Александра встрепенулась и отложила в сторону шитьё. Видно было, что эта тема глубоко её волнует.

– О, если б наши дети могли быть так же счастливы в своей супружеской жизни, как мы! Но ты же знаешь, Ники, что мысль о Борисе – женихе нашей дочери – мне глубоко несимпатична! Я убеждена, что Ольга никогда не согласится выйти за него, и я вполне понимаю её… Я только тебя прошу об одном: ты никогда не давай Михень угадать, что другие мечты наполняют ум и сердце нашей девочки… Пусть Дмитрий, или кто-то другой, кого мы не знаем, останется священной тайной нашей дорогой дочери… Ведь если б о ней узнали другие, тем более с таким длинным языком, как у тёти Михень, это ужасно огорчило бы Ольгу – ведь она так щепетильна!.. Нет, предложение Михень меня совсем не порадовало…

– Но ведь Митя, хотя мы все его и любим, сейчас не намного лучше Бориса… – задумчиво сказал царь, и его глаза потемнели от огорчения. – Он вечно попадает в дурную компанию и на дурной путь…

– Поэтому я и прошу тебя держать Митю в полку, не пускать его бездельничать в Ставке и особенно болтаться по кабакам и сомнительным приятелям в Петрограде, – довольно резко перебила спокойный тон Николая его супруга. – Ты же знаешь, как слухи о его похождениях расстраивают нашу Ольгу… Как бы я хотела, чтобы кто-нибудь поговорил с ним серьёзно! Я знаю, что Саблин делал это не раз и даже удерживал его от вечерних приключений… Наверное, и тебе надо было бы держать Дмитрия в руках и тактично разъяснить ему значение супружеской жизни!
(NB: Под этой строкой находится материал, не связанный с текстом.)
lemma relpowp_dist: "(adj es ^^ k) u v \<Longrightarrow> (adj es ^^ dist es u v) u v"
  unfolding dist_def by (rule LeastI)

lemma dist_self: "dist es u u = 0"
  unfolding dist_def by (rule Least_eq_0) simp

lemma finite_distances: "finite {dist es u v | u v. u < N \<and> v < N}"
proof -
  have "{dist es u v | u v. u < N \<and> v < N} = (\<lambda>(u, v). dist es u v) ` ({..<N} \<times> {..<N})"
    by auto
  then show ?thesis by simp
qed

lemma dist_le_diameter: "u < N \<Longrightarrow> v < N \<Longrightarrow> dist es u v \<le> diameter N es"
  unfolding diameter_def by (rule Max_ge[OF finite_distances]) auto

lemma diameter_attained: "0 < N \<Longrightarrow> \<exists>u v. u < N \<and> v < N \<and> diameter N es = dist es u v"
proof -
  assume "0 < N"
  then have "diameter N es \<in> {dist es u v | u v. u < N \<and> v < N}"
    unfolding diameter_def by (intro Max_in finite_distances) auto
  then show ?thesis by auto
qed

lemma diameter_le: "0 < N \<Longrightarrow> (\<And>u v. u < N \<Longrightarrow> v < N \<Longrightarrow> dist es u v \<le> K) \<Longrightarrow> diameter N es \<le> K"
  unfolding diameter_def by (subst Max_le_iff[OF finite_distances]) auto

lemma wf_graph_iff_distinct:
  "wf_graph N xs \<longleftrightarrow>
     (\<forall>(u, v) \<in> set xs. u < N \<and> v < N \<and> u \<noteq> v) \<and> distinct (map (\<lambda>e. {fst e, snd e}) xs)"
proof -
  have "(xs ! i \<noteq> xs ! j \<and> xs ! i \<noteq> prod.swap (xs ! j)) \<longleftrightarrow>
        {fst (xs ! i), snd (xs ! i)} \<noteq> {fst (xs ! j), snd (xs ! j)}" for i j
    by (cases "xs ! i"; cases "xs ! j") (auto simp: doubleton_eq_iff)
  then show ?thesis unfolding wf_graph_def distinct_conv_nth by auto
qed

section \<open>The augmented graph\<close>

(* Edge j < 2n lies on the pendant path of vertex j mod n, edge 2n joins 0 to the hub 3n, and
   each edge j > 2n joins the hub to the leaf n + j. *)
definition new_edge :: "nat \<Rightarrow> nat \<Rightarrow> nat \<times> nat" where
  "new_edge n j = (if j < 2 * n then j else if j = 2 * n then 0 else 3 * n, n + j)"

definition augment :: "nat \<Rightarrow> (nat \<times> nat) list \<Rightarrow> (nat \<times> nat) list" where
  "augment n es = es @ map (new_edge n) [0..<5 * n + 1]"

lemma adj_augment:
  "adj (augment n es) x z \<longleftrightarrow>
     adj es x z \<or> (\<exists>j < 5 * n + 1. (x, z) = new_edge n j \<or> (z, x) = new_edge n j)"
  by (auto simp: augment_def adj_def image_iff less_Suc_eq)

lemma adj_augmentI: "j < 5 * n + 1 \<Longrightarrow> new_edge n j = (x, z) \<Longrightarrow> adj (augment n es) x z"
  unfolding adj_augment by metis

locale connected_simple_graph =
  fixes n :: nat and es :: "(nat \<times> nat) list"
  assumes wf: "wf_graph n es" and connected: "connected_graph n es"
begin

lemma vertices_pos: "0 < n"
  using connected by (simp add: connected_graph_def)

lemma edge_in_range: "e \<in> set es \<Longrightarrow> fst e < n \<and> snd e < n"
  using wf unfolding wf_graph_def by fastforce

lemma adj_endpoints: "adj es u v \<Longrightarrow> u < n \<and> v < n \<and> u \<noteq> v"
  using wf unfolding wf_graph_def adj_def by fastforce

lemma relpowp_dist_connected: "u < n \<Longrightarrow> v < n \<Longrightarrow> (adj es ^^ dist es u v) u v"
  using connected rtranclp_imp_relpowp relpowp_dist by (metis connected_graph_def)

lemma dist_step: "adj es a c \<Longrightarrow> b < n \<Longrightarrow> dist es a b \<le> Suc (dist es c b)"
  using adj_endpoints relpowp_dist_connected relpowp_Suc_I2 dist_le by metis

lemma dist_adj_le: "adj es a c \<Longrightarrow> dist es a c \<le> 1"
  by (metis dist_le relpowp_1)

lemma wf_graph_augment: "wf_graph (6 * n + 1) (augment n es)"
  unfolding wf_graph_iff_distinct
proof (intro conjI)
  show "\<forall>(u, v)\<in>set (augment n es). u < 6 * n + 1 \<and> v < 6 * n + 1 \<and> u \<noteq> v"
    using wf vertices_pos by (auto simp: augment_def new_edge_def wf_graph_def split: if_splits)
  have "inj_on (\<lambda>j. {fst (new_edge n j), snd (new_edge n j)}) {0..<5 * n + 1}"
    using vertices_pos by (auto simp: inj_on_def new_edge_def doubleton_eq_iff split: if_splits)
  moreover have "{fst e, snd e} \<noteq> {fst (new_edge n j), snd (new_edge n j)}" if "e \<in> set es" for e j
    using edge_in_range[OF that] by (auto simp: new_edge_def doubleton_eq_iff)
  moreover have "distinct (map (\<lambda>e. {fst e, snd e}) es)"
    using wf wf_graph_iff_distinct by blast
  ultimately show "distinct (map (\<lambda>e. {fst e, snd e}) (augment n es))"
    unfolding augment_def by (auto simp: distinct_map comp_def simp del: upt_Suc)
qed

(* Each vertex x of the augmented graph lies at distance depth x from the vertex root x of G;
   branch x tells the gadgets apart, the star being branch n. *)
definition root :: "nat \<Rightarrow> nat" where
  "root x = (if x < n then x else if x < 2 * n then x - n else if x < 3 * n then x - 2 * n else 0)"

definition depth :: "nat \<Rightarrow> nat" where
  "depth x = (if x < n then 0 else if x < 2 * n then 1 else if x < 3 * n then 2
              else if x = 3 * n then 1 else 2)"

definition branch :: "nat \<Rightarrow> nat" where
  "branch x = (if x < 3 * n then root x else n)"

(* This is the distance in the augmented graph, but only the lower bound is needed. *)
definition dist_lower :: "nat \<Rightarrow> nat \<Rightarrow> nat" where
  "dist_lower x y =
     (if branch x = branch y then max (depth x) (depth y) - min (depth x) (depth y)
      else depth x + dist es (root x) (root y) + depth y)"

lemma root_less: "root x < n"
  using vertices_pos by (auto simp: root_def)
Императрица смахнула надушенным платочком непрошеную слезу и печально сказала:

– Когда я думаю о предложении Михень, то, несмотря ни на какие угрозы с её стороны, прихожу вот к какому выводу: отдать сильно пожившему, истрёпанному, видавшему всякие виды и уже не молодому человеку чистую молодую девушку, которая моложе его на восемнадцать лет, и поселить их в доме, где многие женщины «делили» с ним его жизнь! Нет! Его женою должна бы стать только бывалая женщина, знающая свет, могущая судить и выбирать с открытыми глазами. Такая сумела бы сдерживать его и сделать из него хорошего мужа. А неопытная молодая девушка страдала бы ужасно, получив мужа из четвёртых, пятых или более рук… Женщина, конечно, скорее бы примирилась с этим, если бы любила!..
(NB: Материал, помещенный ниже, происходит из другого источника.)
lemma reducible_to_if_degree_less:
  assumes G: "G \<in> polys_over S" "poly G x \<notin> P" "coeff G E \<notin> P" "tail_in P (Suc E) G"
    and "E < L" "E \<ge> 1"
  shows "reducible_to E G"
proof -
  obtain k Q where Q: "Q \<in> polys_over S" "tail_in P E (smult (coeff G E ^ k) m - Q * G)"
    using pseudo_divmod_mod[OF G(1,4) m] .
  let ?g = "coeff G E ^ k"
  define R where "R = smult ?g m - Q * G"
  have gS: "?g \<in> S" using subring_power[OF subring coeff_polys_over[OF G(1)]] .
  have gT: "?g \<in> T" using subring_power[OF subring_T coeff_in_T[OF G(1)]] .
  have g: "?g \<notin> P" using prime_ideal_in_power[OF subring_T prime coeff_in_T[OF G(1)]] G(3) by blast
  have "poly R x \<notin> P"
  proof
    assume "poly R x \<in> P"
    moreover have "R \<in> polys_over S"
      unfolding R_def using gS G(1) Q(1) m by (intro polys_over_closed(4-6)[OF subring])
    ultimately have R0: "tail_in P 0 R" using minimal Q(2) \<open>E < L\<close> unfolding R_def by simp
    have "poly Q x * poly G x = ?g * poly m x - poly R x" unfolding R_def by simp
    then have "poly Q x * poly G x \<in> P"
      using P_diff[OF P_mult_left[OF gT m_rel] \<open>poly R x \<in> P\<close>] by simp
    then have "poly Q x \<in> P"
      using prime G(2) poly_in_adjoin Q(1) G(1) unfolding prime_ideal_in_def by blast
    then show False
      using minimal_relation_not_multiple[OF G(1,3,4) \<open>E \<ge> 1\<close> gT g Q(1)] R0 unfolding R_def by blast
  qed
  moreover have "R = (- Q) * G + [:?g:] * m" unfolding R_def by simp
  moreover have "[:?g:] \<in> polys_over S" "- Q \<in> polys_over S"
    using polys_over_closed(1,4,8)[OF subring] gS Q(1) by (metis diff_0)+
  ultimately show ?thesis using reducible_toI Q(2) unfolding R_def by metis
qed

lemma reducible_to_combination:
  assumes "A \<in> polys_over S" "B \<in> polys_over S" "reducible_to n (A * G + B * m)"
  shows "reducible_to n G"
proof -
  obtain A' B' where AB': "A' \<in> polys_over S" "B' \<in> polys_over S"
    "poly (A' * (A * G + B * m) + B' * m) x \<notin> P" "tail_in P n (A' * (A * G + B * m) + B' * m)"
    using assms(3) by (rule reducible_toE)
  have "A' * (A * G + B * m) + B' * m = (A' * A) * G + (A' * B + B') * m"
    by (simp add: algebra_simps)
  moreover have "A' * A \<in> polys_over S" "A' * B + B' \<in> polys_over S"
    using assms(1,2) AB'(1,2) by (meson polys_over_closed(3,5)[OF subring])+
  ultimately show ?thesis using AB'(3,4) reducible_toI by metis
qed

lemma reducible_to_Suc:
  assumes G: "G \<in> polys_over S" and "reducible_to (Suc (Suc n)) G"
  shows "reducible_to (Suc n) G"
proof -
  obtain A B where AB: "A \<in> polys_over S" "B \<in> polys_over S"
    "poly (A * G + B * m) x \<notin> P" "tail_in P (Suc (Suc n)) (A * G + B * m)"
    using assms(2) by (rule reducible_toE)
  let ?H = "A * G + B * m"
  have H: "?H \<in> polys_over S"
    using AB(1,2) G(1) m by (intro polys_over_closed(3,5)[OF subring])
  have "reducible_to (Suc n) ?H"
  proof (cases "coeff ?H (Suc n) \<in> P")
    case True
    then have "tail_in P (Suc n) ?H" using AB(4) tail_in_Suc by blast
    then show ?thesis
      using AB(3) polys_over_closed(1,2)[OF subring] by (intro reducible_toI[of 1 0]) simp_all
  next
    case False
    then show ?thesis
      using reducible_to_if_degree_ge[OF H AB(3,4)] reducible_to_if_degree_less[OF H AB(3) False AB(4)]
      by fastforce
  qed
  then show ?thesis using reducible_to_combination AB(1,2) by blast
qed

lemma reducible_to_1:
  assumes G: "G \<in> polys_over S" "poly G x \<notin> P"
  shows "reducible_to 1 G"
proof -
  have "reducible_to (Suc n) G \<Longrightarrow> reducible_to 1 G" for n
    by (induction n) (auto dest: reducible_to_Suc[OF G(1)])
  moreover have "reducible_to (Suc (degree G)) G"
    using G tail_in_degree[OF P_0, of G] polys_over_closed(1,2)[OF subring]
    by (intro reducible_toI[of 1 0]) simp_all
  ultimately show ?thesis by blast
qed

text \<open>Since \<open>T/P\<close> is algebraic over the domain \<open>S/(P \<inter> S)\<close>, every nonzero element of \<open>T/P\<close> divides a
  nonzero constant.\<close>

lemma divides_constant:
  assumes F: "F \<in> polys_over S" "poly F x \<notin> P"
  obtains g U where "g \<in> S" "g \<notin> P" "U \<in> polys_over S" "g - poly U x * poly F x \<in> P"
proof -
  obtain A B where AB: "A \<in> polys_over S" "B \<in> polys_over S"
    "poly (A * F + B * m) x \<notin> P" "tail_in P 1 (A * F + B * m)"
    using reducible_to_1[OF F] by (rule reducible_toE)
  let ?H = "A * F + B * m"
  have H: "?H \<in> polys_over S"
    using AB(1,2) F(1) m by (intro polys_over_closed(3,5)[OF subring])
  have d: "poly ?H x - coeff ?H 0 \<in> P" using poly_minus_coeff_0_in_P[OF H AB(4)] .
  have "coeff ?H 0 \<notin> P" using P_add[OF d] AB(3) by force
  moreover have "coeff ?H 0 - poly A x * poly F x = poly B x * poly m x - (poly ?H x - coeff ?H 0)"
    by (simp add: algebra_simps)
  then have "coeff ?H 0 - poly A x * poly F x \<in> P"
    using P_diff[OF P_mult_left[OF poly_in_adjoin[OF AB(2)] m_rel] d] by simp
  ultimately show ?thesis using that coeff_polys_over[OF H] AB(1) by blast
qed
Николай сидел и любовался Александрой. Как по-женски точно оценила она предложение тёти Михень. Как была бы несчастна их старшая дочка, их первенец, если бы её родители хотя бы абстрактно дали понять Марии Павловне Старшей, что они не возражают против её предложения.

Теперь Государю стало понятно и то, почему так часто Михень напрашивалась пить чай или обедать к ним в Царское Село. Вероятно, она внимательно изучала предстоящее поле боя и выбирала момент для нанесения решающего матримониального удара. Он провёл ладонью по глазам, словно стряхивая с них невидимую паутину.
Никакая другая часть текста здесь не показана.